Turbulence teaches equivariance to neural networks
Ryley McConkey, Julia Balla, Jeremiah Bailey, Ali Backour, Elyssa Hofgard, Tommi Jaakkola, Abigail Bodner, Tess Smidt
TL;DR
This work investigates how the rotational symmetry of turbulence influences learned mappings between Navier–Stokes quantities and their generalization to unseen coordinate frames and flows. By defining an equivariance error $E(\mathbf{x}_n;g)=|\mathbf{f}(g\cdot \mathbf{x}_n)-g\cdot \mathbf{f}(\mathbf{x}_n)|$ and averaging it over a discrete rotation group $G=O$ with $|G|=24$, the authors assess how well a compact 3D CNN super-resolution model respects NS symmetries on a six-box turbulent channel dataset (Re$_{\tau}=1000$). They find a strong link between lower equivariance error and better generalization across time extrapolation, anisotropy shifts, and Reynolds-number transfer, and reveal that turbulence provides implicit data augmentation that strengthens with dataset size and isotropy in line with Kolmogorov’s local isotropy hypothesis, observable in scale-dependent equivariance spectra. The results imply that respecting NS symmetries improves transferability of tensorial flow mappings and motivate incorporating isotropy-aware training and equivariance biases in turbulence ML applications.
Abstract
We investigate how the rotational nature of turbulence affects learned mappings between quantities governed by the Navier-Stokes equations. By varying the degree of anisotropy in a turbulence dataset, we explore how statistical symmetry affects these mappings. To do this, we train super-resolution models at different wall-normal locations in a channel flow, where anisotropy varies naturally, and test their generalization. By evaluating the learned mappings on new coordinate frames and new flow conditions, we find that coordinate-frame generalization is a key part of the generalization problem. Turbulent flows naturally present a wide range of local orientations, so respecting the symmetries of the Navier-Stokes equations improves generalization to new flows. Importantly, turbulence's rotational structure can embed these symmetries into learned mappings -- an effect that strengthens with isotropy and dataset size.
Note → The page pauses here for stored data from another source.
(* Consider the delayed online learning protocol of the context. Assume the maximum delay is bounded by $\tau$ (i.e. $\{1,\dots,t-\tau-1\}\subset\mathcal S_t$ for all $t$), that $\|g_t\|_*\le G$ for all $t$, and that whenever $s\in\mathcal S_t$ one has $|\mathcal S_s|<|\mathcal S_t|$. Let DDA be run with \[\eta_t=\frac{r}{G\sqrt{(1+2\tau)(|\mathcal S_t|+\tau+1)}}.\] Then for every $p\in\mathcal X$ with $h(p)\le r^2$, \[R_T(p)\le 2rG\sqrt{(T+\tau)(1+2\tau)}.\]
   Context: Let $\mathcal V$ be a finite-dimensional real vector space with norm $\|\cdot\|$ and dual norm $\|\cdot\|_*$, and $\mathcal X\subset\mathcal V$ closed convex. A regularizer $h:\mathcal V\to\mathbb R\cup\{+\infty\}$ is lower semicontinuous, $1$-strongly convex w.r.t. $\|\cdot\|$ on $\mathcal X$, with $\mathcal X\subset\operatorname{dom}h$, whose subdifferential admits a continuous selection, and $h\ge0$. Protocol: at each round $t=1,\dots,T$ one agent $i(t)$ (among possibly many) is active, plays $x_t\in\mathcal X$, incurs $f_t(x_t)$ ($f_t$ convex, $\mathcal X\subset\operatorname{dom}\partial f_t$); a subgradient $g_t\in\partial f_t(x_t)$ is revealed later. $\mathcal S^i_t\subset\{1,\dots,t-1\}$: timestamps of subgradients available to (used by) agent $i$ at time $t$, nondecreasing in $t$; $\mathcal S_t=\mathcal S^{i(t)}_t$. DDA: $x_t=\arg\min_{x\in\mathcal X}\{\sum_{s\in\mathcal S_t}\langle g_s,x\rangle+h(x)/\eta_t\}$. Regret: $R_T(p)=\sum_tf_t(x_t)-\sum_tf_t(p)$. *)

theory Defs
  imports "HOL-Analysis.Analysis"
begin

text \<open>A norm on a finite-dimensional real vector space (modelled as a euclidean_space type;
  the dual space is identified with the space itself via the inner product).\<close>
definition is_norm :: "('a::euclidean_space \<Rightarrow> real) \<Rightarrow> bool" where
  "is_norm nrm \<longleftrightarrow> (\<forall>x. nrm x = 0 \<longleftrightarrow> x = 0)
     \<and> (\<forall>x y. nrm (x + y) \<le> nrm x + nrm y)
     \<and> (\<forall>c x. nrm (c *\<^sub>R x) = \<bar>c\<bar> * nrm x)"

definition dual_norm :: "('a::euclidean_space \<Rightarrow> real) \<Rightarrow> 'a \<Rightarrow> real" where
  "dual_norm nrm g = Sup {g \<bullet> x | x. nrm x \<le> 1}"

definition subdiff :: "('a::euclidean_space \<Rightarrow> ereal) \<Rightarrow> 'a \<Rightarrow> 'a set" where
  "subdiff f x = {g. \<bar>f x\<bar> \<noteq> \<infinity> \<and> (\<forall>y. f y \<ge> f x + ereal (g \<bullet> (y - x)))}"

definition dom_subdiff :: "('a::euclidean_space \<Rightarrow> ereal) \<Rightarrow> 'a set" where
  "dom_subdiff f = {x. subdiff f x \<noteq> {}}"

definition lower_semicont :: "('a::euclidean_space \<Rightarrow> ereal) \<Rightarrow> bool" where
  "lower_semicont f \<longleftrightarrow> (\<forall>x. f x \<le> Liminf (at x) f)"

definition ereal_convex :: "('a::euclidean_space \<Rightarrow> ereal) \<Rightarrow> bool" where
  "ereal_convex f \<longleftrightarrow> (\<forall>x y u. 0 \<le> u \<and> u \<le> 1 \<longrightarrow>
      f (u *\<^sub>R x + (1 - u) *\<^sub>R y) \<le> ereal u * f x + ereal (1 - u) * f y)"

definition strongly_convex_on :: "'a set \<Rightarrow> ('a::euclidean_space \<Rightarrow> real) \<Rightarrow> ('a \<Rightarrow> ereal) \<Rightarrow> bool" where
  "strongly_convex_on X nrm h \<longleftrightarrow> (\<forall>x\<in>X. \<forall>y\<in>X. \<forall>u. 0 \<le> u \<and> u \<le> 1 \<longrightarrow>
      h (u *\<^sub>R x + (1 - u) *\<^sub>R y) \<le> ereal u * h x + ereal (1 - u) * h y
        - ereal (u * (1 - u) / 2 * (nrm (x - y))\<^sup>2))"

end

theory Submission
  imports Defs
begin

text \<open>Order the rounds by the number \<open>card (S t)\<close> of gradients available when they are played.
  Processing them in this order, induction gives the be-the-leader bound
  \<open>\<Sum>t\<in>Q. (g t \<bullet> x t - \<eta> t * G\<^sup>2 * (1 + 2 * \<tau>) / 2) \<le> (\<Sum>t\<in>Q. g t) \<bullet> y + h y / e\<close>
  for all \<open>y \<in> X\<close> and all \<open>e \<le> \<eta> t\<close>. When round \<open>t\<close> is added, every gradient it saw has
  been processed and at most \<open>\<tau>\<close> others have, so by strong convexity the DDA point \<open>x t\<close> lies
  within \<open>\<eta> t * \<tau> * G\<close> of the leader of the processed gradients, which costs at most
  \<open>\<eta> t * G\<^sup>2 * (1/2 + \<tau>)\<close>. Linearising \<open>f t\<close> by \<open>g t\<close>, taking \<open>y = p\<close> and \<open>e\<close> the smallest
  step size, and using \<open>\<Sum>t=1..T. 1 / (2 * sqrt t) \<le> sqrt T\<close> yields the regret bound.\<close>

section \<open>Norms on a Euclidean space\<close>

lemma is_norm_zero: "is_norm nrm \<Longrightarrow> nrm 0 = 0"
  unfolding is_norm_def by auto

lemma is_norm_minus: "is_norm nrm \<Longrightarrow> nrm (- x) = nrm x"
  unfolding is_norm_def by (metis abs_minus_cancel abs_one mult_1 scaleR_minus1_left)

lemma is_norm_minus_commute: "is_norm nrm \<Longrightarrow> nrm (x - y) = nrm (y - x)"
  using is_norm_minus[of nrm "x - y"] by simp

lemma is_norm_nonneg:
  assumes "is_norm nrm" shows "0 \<le> nrm x"
proof -
  have "nrm (x + - x) \<le> nrm x + nrm (- x)" using assms unfolding is_norm_def by blast
  then show ?thesis using is_norm_zero[OF assms] is_norm_minus[OF assms] by simp
qed

lemma is_norm_pos: "is_norm nrm \<Longrightarrow> x \<noteq> 0 \<Longrightarrow> 0 < nrm x"
  using is_norm_nonneg[of nrm x] unfolding is_norm_def by (metis order_le_less)

lemma is_norm_sum_le:
  assumes "is_norm nrm"
  shows "nrm (sum f A) \<le> (\<Sum>a\<in>A. nrm (f a))"
proof (induction A rule: infinite_finite_induct)
  case (insert a A)
  have "nrm (f a + sum f A) \<le> nrm (f a) + nrm (sum f A)"
    using assms unfolding is_norm_def by blast
  then show ?case using insert by simp
qed (use is_norm_zero[OF assms] in simp_all)

lemma is_norm_le_norm:
  assumes "is_norm nrm"
  obtains C where "0 \<le> C" "\<And>x. nrm x \<le> C * norm x"
proof
  show "0 \<le> (\<Sum>b\<in>Basis. nrm b)" by (simp add: sum_nonneg is_norm_nonneg[OF assms])
  fix x :: 'a
  have "nrm x = nrm (\<Sum>b\<in>Basis. (x \<bullet> b) *\<^sub>R b)" by (simp add: euclidean_representation)
  also have "\<dots> \<le> (\<Sum>b\<in>Basis. nrm ((x \<bullet> b) *\<^sub>R b))" by (rule is_norm_sum_le[OF assms])
  also have "\<dots> = (\<Sum>b\<in>Basis. \<bar>x \<bullet> b\<bar> * nrm b)"
    using assms unfolding is_norm_def by simp
  also have "\<dots> \<le> (\<Sum>b\<in>Basis. norm x * nrm b)"
    by (intro sum_mono mult_right_mono) (simp_all add: Basis_le_norm is_norm_nonneg[OF assms])
  finally show "nrm x \<le> (\<Sum>b\<in>Basis. nrm b) * norm x" by (simp add: sum_distrib_left mult.commute)
qed

text \<open>\<open>nrm\<close> is Lipschitz, hence attains a positive minimum on the compact Euclidean unit sphere.\<close>
lemma is_norm_ge_norm:
  fixes nrm :: "'a::euclidean_space \<Rightarrow> real"
  assumes "is_norm nrm"
  obtains k where "0 < k" "\<And>x. k * norm x \<le> nrm x"
proof -
  obtain C where C: "0 \<le> C" "\<And>x. nrm x \<le> C * norm x" using is_norm_le_norm[OF assms] by blast
  have "\<bar>nrm x - nrm y\<bar> \<le> C * dist x y" for x y
    using assms C(2)[of "x - y"] C(2)[of "y - x"] unfolding is_norm_def
    by (smt (verit) diff_add_cancel dist_commute dist_norm)
  then have "continuous_on (sphere 0 1) nrm"
    using C(1) by (intro lipschitz_on_continuous_on[of C]) (auto intro!: lipschitz_onI simp: dist_real_def)
  moreover have "sphere (0::'a) 1 \<noteq> {}" by simp
  ultimately obtain x0 where x0: "norm x0 = 1" "\<And>y. norm y = 1 \<Longrightarrow> nrm x0 \<le> nrm y"
    using continuous_attains_inf[OF compact_sphere] by (metis mem_sphere_0)
  have "nrm x0 * norm x \<le> nrm x" for x
  proof (cases "x = 0")
    case False
    have "nrm x0 \<le> nrm ((1 / norm x) *\<^sub>R x)" using x0(2) False by simp
    also have "\<dots> = nrm x / norm x" using assms unfolding is_norm_def by simp
    finally show ?thesis using False by (simp add: field_simps)
  qed (simp add: is_norm_zero[OF assms])
  moreover have "0 < nrm x0" using is_norm_pos[OF assms, of x0] x0(1) by fastforce
  ultimately show thesis using that by blast
qed
definition eq_family where
  "eq_family F Rl pY DY EqY pX DX EqX Xf \<longleftrightarrow>
     (\<forall>t \<in> DY // EqY. Xf t \<subseteq> DX // EqX) \<and>
     definable F Rl (length pY + length pX)
       {y @ x | y x. y \<in> DY \<and> x \<in> DX \<and> EqX `` {x} \<in> Xf (EqY `` {y})}"

end

theory Submission
  imports Defs
begin

text \<open>By full orthogonality a definable
  S \<subseteq> Z^m \<times> R^n is a finite union of boxes U_i \<times> V_i, so the fibre of S over t is the union
  of those V_i with t \<in> U_i and is determined by a subset of a fixed finite index set.
  In the imaginary case a definable family (X_c) indexed by Y is pulled back along the
  internality surjections Z^l \<rightarrow> Y and R^k \<rightarrow> X to a definable subset of Z^l \<times> R^k,
  and each X_c is the image of a fibre of that set.\<close>

definition prefix_env :: "'a list \<Rightarrow> (nat \<Rightarrow> 'a) \<Rightarrow> nat \<Rightarrow> 'a" where
  "prefix_env xs w i = (if i < length xs then xs ! i else w (i - length xs))"

lemma env_append_eq_prefix_env: "env (xs @ ps) = prefix_env xs (env ps)"
  by (auto simp: fun_eq_iff env_def prefix_env_def nth_append)

fun rename_trm :: "(nat \<Rightarrow> nat) \<Rightarrow> 'f trm \<Rightarrow> 'f trm" where
  "rename_trm \<rho> (Var i) = Var (\<rho> i)"
| "rename_trm \<rho> (Fn f ts) = Fn f (map (rename_trm \<rho>) ts)"

fun rename_fm :: "(nat \<Rightarrow> nat) \<Rightarrow> ('f, 'r) fm \<Rightarrow> ('f, 'r) fm" where
  "rename_fm \<rho> (Eq s t) = Eq (rename_trm \<rho> s) (rename_trm \<rho> t)"
| "rename_fm \<rho> (Rel r ts) = Rel r (map (rename_trm \<rho>) ts)"
| "rename_fm \<rho> (Neg \<phi>) = Neg (rename_fm \<rho> \<phi>)"
| "rename_fm \<rho> (Conj \<phi> \<psi>) = Conj (rename_fm \<rho> \<phi>) (rename_fm \<rho> \<psi>)"
| "rename_fm \<rho> (Ex i \<phi>) = Ex (\<rho> i) (rename_fm \<rho> \<phi>)"

lemma evalt_rename_trm: "evalt F v (rename_trm \<rho> t) = evalt F (v \<circ> \<rho>) t"
  by (induction t) (simp_all add: comp_def cong: map_cong)

lemma sat_rename_fm: "inj \<rho> \<Longrightarrow> sat F Rl v (rename_fm \<rho> \<phi>) = sat F Rl (v \<circ> \<rho>) \<phi>"
proof (induction \<phi> arbitrary: v)
  case (Ex i \<phi>)
  have "\<And>a. (v(\<rho> i := a)) \<circ> \<rho> = (v \<circ> \<rho>)(i := a)"
    using Ex.prems by (auto simp: fun_eq_iff inj_eq)
  then show ?case using Ex.IH[OF Ex.prems] by (simp only: rename_fm.simps sat.simps)
qed (auto simp: evalt_rename_trm comp_def)

text \<open>Exceeds every variable index occurring in a term or formula, bound occurrences included.\<close>

fun var_bound_trm :: "'f trm \<Rightarrow> nat" where
  "var_bound_trm (Var i) = Suc i"
| "var_bound_trm (Fn f ts) = sum_list (map var_bound_trm ts)"

fun var_bound :: "('f, 'r) fm \<Rightarrow> nat" where
  "var_bound (Eq s t) = var_bound_trm s + var_bound_trm t"
| "var_bound (Rel r ts) = sum_list (map var_bound_trm ts)"
| "var_bound (Neg \<phi>) = var_bound \<phi>"
| "var_bound (Conj \<phi> \<psi>) = var_bound \<phi> + var_bound \<psi>"
| "var_bound (Ex i \<phi>) = Suc i + var_bound \<phi>"

lemma evalt_cong_var_bound:
  "\<forall>i < var_bound_trm t. v i = v' i \<Longrightarrow> evalt F v t = evalt F v' t"
proof (induction t)
  case (Fn f ts)
  have "evalt F v t = evalt F v' t" if "t \<in> set ts" for t
    using Fn.IH[OF that] Fn.prems member_le_sum_list[of "var_bound_trm t" "map var_bound_trm ts"]
      that by simp
  then show ?case by (simp cong: map_cong)
qed simp
text \<open>KL divergence KL(P||Q) = \<integral> \<omega> ln \<omega> dQ, as an extended real
(positive part minus negative part; the negative part is always finite).\<close>
definition KL_div :: "'a measure \<Rightarrow> 'a measure \<Rightarrow> ereal" where
  "KL_div P Q =
     enn2ereal (\<integral>\<^sup>+ x. ennreal (rn_density P Q x * max (ln (rn_density P Q x)) 0) \<partial>Q)
   - enn2ereal (\<integral>\<^sup>+ x. ennreal (rn_density P Q x * max (- ln (rn_density P Q x)) 0) \<partial>Q)"

text \<open>Exponentiated Renyi divergence d_\<gamma>(P||Q) = exp D_\<gamma>(P||Q), for \<gamma> \<in> [0,\<infinity>].
For finite \<gamma> \<noteq> 1 it is (\<integral> \<omega>^\<gamma> dQ)^(1/(\<gamma>-1)) (with the convention
0 powr 0 = 0, giving the limiting value D_0 = -log Q(\<omega> > 0));
d_1 = exp KL, d_\<infinity> = ess sup \<omega>.\<close>
definition exp_renyi :: "'a measure \<Rightarrow> 'a measure \<Rightarrow> ereal \<Rightarrow> ennreal" where
  "exp_renyi P Q \<gamma> =
     (if \<gamma> = \<infinity> then esssup Q (RN_deriv Q P)
      else if \<gamma> = 1 then
        (if KL_div P Q = \<infinity> then \<infinity> else ennreal (exp (real_of_ereal (KL_div P Q))))
      else epowr (\<integral>\<^sup>+ x. ennreal (rn_density P Q x powr real_of_ereal \<gamma>) \<partial>Q)
                 (1 / (real_of_ereal \<gamma> - 1)))"

definition Lp_norm :: "'a measure \<Rightarrow> ('a \<Rightarrow> real) \<Rightarrow> ereal \<Rightarrow> ennreal" where
  "Lp_norm Q f p =
     (if p = \<infinity> then esssup Q (\<lambda>x. ennreal (f x))
      else epowr (\<integral>\<^sup>+ x. ennreal (f x powr real_of_ereal p) \<partial>Q) (1 / real_of_ereal p))"

end

theory Submission
  imports Defs
begin

(*
  For \<beta> \<in> [0,1] the truncated density satisfies min M \<omega> \<le> M^(1-\<beta>) \<omega>^\<beta> pointwise, and for
  \<beta> \<ge> 1 the excess satisfies \<omega> - min M \<omega> \<le> M^(1-\<beta>) \<omega>^\<beta>. Raising the first bound to the
  power \<alpha> and integrating leaves the moment E_Q[\<omega>^\<gamma>] with \<gamma> = \<alpha>\<beta> (for the second, \<gamma> = \<beta>),
  and every such moment equals d_\<gamma>(P||Q)^(\<gamma>-1). For infinite exponents the moment is replaced
  by the essential supremum d_\<infinity> of \<omega>: if d_\<infinity> \<le> M there is no excess at all, otherwise the
  right-hand side of the second bound is infinite.
*)

lemma ennreal_powr_le_epowr: "0 \<le> x \<Longrightarrow> 0 \<le> r \<Longrightarrow> ennreal (x powr r) \<le> epowr (ennreal x) r"
  by (auto simp: epowr_def)

lemma epowr_one: "epowr x 1 = x"
  by (cases x rule: ennreal_cases) (auto simp: epowr_def)

lemma epowr_epowr: "epowr (epowr x r) s = epowr x (r * s)"
proof (cases "r = 0 \<or> s = 0")
  case True
  then show ?thesis by (auto simp: epowr_def)
next
  case False
  then show ?thesis
    by (cases x rule: ennreal_cases)
       (auto simp: epowr_def zero_less_mult_iff powr_powr ennreal_neg)
qed

lemma epowr_mult_ennreal:
  "0 < c \<Longrightarrow> epowr (ennreal c * x) r = ennreal (c powr r) * epowr x r"
  by (cases x rule: ennreal_cases)
     (auto simp: epowr_def ennreal_mult_top ennreal_mult[symmetric] powr_mult ennreal_mult_eq_top_iff)

lemma epowr_mono: "0 \<le> r \<Longrightarrow> x \<le> y \<Longrightarrow> epowr x r \<le> epowr y r"
  by (cases x rule: ennreal_cases; cases y rule: ennreal_cases)
     (auto simp: epowr_def top_unique intro!: powr_mono2)

lemma min_le_powr_interpolation:
  fixes M b x :: real
  assumes "0 < M" "0 \<le> b" "b \<le> 1" "0 \<le> x"
  shows "min M x \<le> M powr (1 - b) * x powr b"
proof (cases "x = 0")
  case False
  let ?m = "min M x"
  have "?m = ?m powr (1 - b) * ?m powr b"
    using False assms by (simp add: powr_add[symmetric])
  also have "\<dots> \<le> M powr (1 - b) * x powr b"
    using False assms by (intro mult_mono powr_mono2) auto
  finally show ?thesis .
qed simp

lemma diff_min_le_powr:
  fixes M c x :: real
  assumes "0 < M" "1 \<le> c" "0 \<le> x"
  shows "x - min M x \<le> M powr (1 - c) * x powr c"
proof (cases "x \<le> M")
  case False
  then have "x = x powr (1 - c) * x powr c"
    using assms by (simp add: powr_add[symmetric])
  also have "\<dots> \<le> M powr (1 - c) * x powr c"
    using False assms by (intro mult_right_mono powr_mono2') auto
  finally show ?thesis
    using assms by simp
qed simp

lemma Lp_norm_min_le:
  fixes Q :: "'a measure" and f :: "'a \<Rightarrow> real" and M a b :: real
  assumes f: "f \<in> borel_measurable Q" "\<And>x. 0 \<le> f x"
    and "0 < M" "0 < a" "0 \<le> b" "b \<le> 1"
  shows "Lp_norm Q (\<lambda>x. min M (f x)) (ereal a)
           \<le> ennreal (M powr (1 - b)) * epowr (\<integral>\<^sup>+ x. ennreal (f x powr (a * b)) \<partial>Q) (1 / a)"
proof -
  define c where "c = M powr (a * (1 - b))"
  have "(\<integral>\<^sup>+ x. ennreal (min M (f x) powr a) \<partial>Q) \<le> (\<integral>\<^sup>+ x. ennreal c * ennreal (f x powr (a * b)) \<partial>Q)"
  proof (intro nn_integral_mono)
    fix x
    have "min M (f x) powr a \<le> (M powr (1 - b) * f x powr b) powr a"
      using assms by (intro powr_mono2 min_le_powr_interpolation) auto
    also have "\<dots> = c * f x powr (a * b)"
      using assms by (simp add: c_def powr_mult powr_powr mult.commute)
    finally show "ennreal (min M (f x) powr a) \<le> ennreal c * ennreal (f x powr (a * b))"
      by (simp add: c_def ennreal_mult[symmetric] ennreal_leI)
  qed
  also have "\<dots> = ennreal c * (\<integral>\<^sup>+ x. ennreal (f x powr (a * b)) \<partial>Q)"
    using f by (intro nn_integral_cmult) auto
  finally have "Lp_norm Q (\<lambda>x. min M (f x)) (ereal a)
                  \<le> epowr (ennreal c * (\<integral>\<^sup>+ x. ennreal (f x powr (a * b)) \<partial>Q)) (1 / a)"
    using assms by (simp add: Lp_norm_def epowr_mono)
  also have "\<dots> = ennreal (M powr (1 - b)) * epowr (\<integral>\<^sup>+ x. ennreal (f x powr (a * b)) \<partial>Q) (1 / a)"
    using assms by (simp add: epowr_mult_ennreal c_def powr_powr)
  finally show ?thesis .
qed

lemma Lp_norm_infinity_min_le:
  fixes Q :: "'a measure" and f :: "'a \<Rightarrow> real" and M b :: real
  assumes f: "f \<in> borel_measurable Q" "\<And>x. 0 \<le> f x"
    and S: "AE x in Q. ennreal (f x) \<le> S"
    and "0 < M" "0 \<le> b" "b \<le> 1"
  shows "Lp_norm Q (\<lambda>x. min M (f x)) \<infinity> \<le> ennreal (M powr (1 - b)) * epowr S b"
proof -
  have "AE x in Q. ennreal (min M (f x)) \<le> ennreal (M powr (1 - b)) * epowr S b"
    using S
  proof eventually_elim
    case (elim x)
    have "ennreal (min M (f x)) \<le> ennreal (M powr (1 - b)) * ennreal (f x powr b)"
      using assms by (simp add: ennreal_mult[symmetric] ennreal_leI min_le_powr_interpolation)
    also have "\<dots> \<le> ennreal (M powr (1 - b)) * epowr S b"
      using assms elim
      by (intro mult_left_mono order.trans[OF ennreal_powr_le_epowr epowr_mono]) auto
    finally show ?case .
  qed
  then show ?thesis
    using f by (simp add: Lp_norm_def esssup_I)
qed

lemma nn_integral_diff_min_le:
  fixes Q :: "'a measure" and f :: "'a \<Rightarrow> real" and M c :: real
  assumes f: "f \<in> borel_measurable Q" "\<And>x. 0 \<le> f x"
    and "0 < M" "1 \<le> c"
  shows "(\<integral>\<^sup>+ x. ennreal (f x - min M (f x)) \<partial>Q)
           \<le> ennreal (M powr (1 - c)) * (\<integral>\<^sup>+ x. ennreal (f x powr c) \<partial>Q)"
proof -
  have "(\<integral>\<^sup>+ x. ennreal (f x - min M (f x)) \<partial>Q)
          \<le> (\<integral>\<^sup>+ x. ennreal (M powr (1 - c)) * ennreal (f x powr c) \<partial>Q)"
    using assms by (intro nn_integral_mono)
      (simp add: ennreal_mult[symmetric] ennreal_leI diff_min_le_powr)
  also have "\<dots> = ennreal (M powr (1 - c)) * (\<integral>\<^sup>+ x. ennreal (f x powr c) \<partial>Q)"
    using f by (intro nn_integral_cmult) auto
  finally show ?thesis .
qed

lemma nn_integral_diff_min_eq_0:
  fixes Q :: "'a measure" and f :: "'a \<Rightarrow> real" and M :: real
  assumes "AE x in Q. f x \<le> M"
  shows "(\<integral>\<^sup>+ x. ennreal (f x - min M (f x)) \<partial>Q) = 0"
proof -
  have "(\<integral>\<^sup>+ x. ennreal (f x - min M (f x)) \<partial>Q) = (\<integral>\<^sup>+ x. 0 \<partial>Q)"
    using assms by (intro nn_integral_cong_AE) (auto elim!: eventually_mono)
  then show ?thesis
    by simp
qed

lemma rn_density_nonneg: "0 \<le> rn_density P Q x"
  by (simp add: rn_density_def)

lemma borel_measurable_rn_density: "rn_density P Q \<in> borel_measurable Q"
  unfolding rn_density_def by measurable

lemma AE_rn_density_le_esssup: "AE x in Q. ennreal (rn_density P Q x) \<le> esssup Q (RN_deriv Q P)"
  using esssup_AE[of "RN_deriv Q P" Q]
  by eventually_elim (simp add: rn_density_def ennreal_enn2real_if)

lemma nn_integral_rn_density:
  assumes "sigma_finite_measure Q" "sigma_finite_measure P"
    and "absolutely_continuous Q P" "sets P = sets Q"
  shows "(\<integral>\<^sup>+ x. ennreal (rn_density P Q x) \<partial>Q) = emeasure P (space P)"
proof -
  interpret Q: sigma_finite_measure Q by fact
  have "AE x in Q. RN_deriv Q P x = ennreal (rn_density P Q x)"
    using Q.RN_deriv_finite[OF assms(2-4)]
    by eventually_elim (simp add: rn_density_def less_top)
  then have "(\<integral>\<^sup>+ x. ennreal (rn_density P Q x) \<partial>Q) = (\<integral>\<^sup>+ x. RN_deriv Q P x * 1 \<partial>Q)"
    by (intro nn_integral_cong_AE) auto
  also have "\<dots> = (\<integral>\<^sup>+ x. 1 \<partial>P)"
    using assms by (intro Q.RN_deriv_nn_integral[symmetric]) auto
  finally show ?thesis
    by simp
qed

lemma epowr_exp_renyi:
  assumes "sigma_finite_measure Q" "prob_space P"
    and "absolutely_continuous Q P" "sets P = sets Q"
  shows "epowr (exp_renyi P Q (ereal \<gamma>)) (\<gamma> - 1) = (\<integral>\<^sup>+ x. ennreal (rn_density P Q x powr \<gamma>) \<partial>Q)"
proof (cases "\<gamma> = 1")
  case True
  interpret P: prob_space P by fact
  have "(\<integral>\<^sup>+ x. ennreal (rn_density P Q x) \<partial>Q) = 1"
    using assms nn_integral_rn_density[of Q P] P.emeasure_space_1 P.sigma_finite_measure_axioms
    by simp
  then show ?thesis
    using True by (simp add: epowr_def rn_density_nonneg)
next
  case False
  have "exp_renyi P Q (ereal \<gamma>) = epowr (\<integral>\<^sup>+ x. ennreal (rn_density P Q x powr \<gamma>) \<partial>Q) (1 / (\<gamma> - 1))"
    using False by (simp add: exp_renyi_def)
  then show ?thesis
    using False by (simp add: epowr_epowr epowr_one)
qed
This is because a more isotropic dataset samples a wider range of orientations, more fully covering the rotational symmetries of the Navier-Stokes equations. The dependence on isotropy means equivariance error is also scale-dependent, consistent with Kolmogorov's hypothesis. Therefore, turbulence provides its own data augmentation (we term this implicit data augmentation). We expect this effect to apply broadly to learned mappings between tensorial flow quantities, making it relevant to most machine learning applications in turbulence.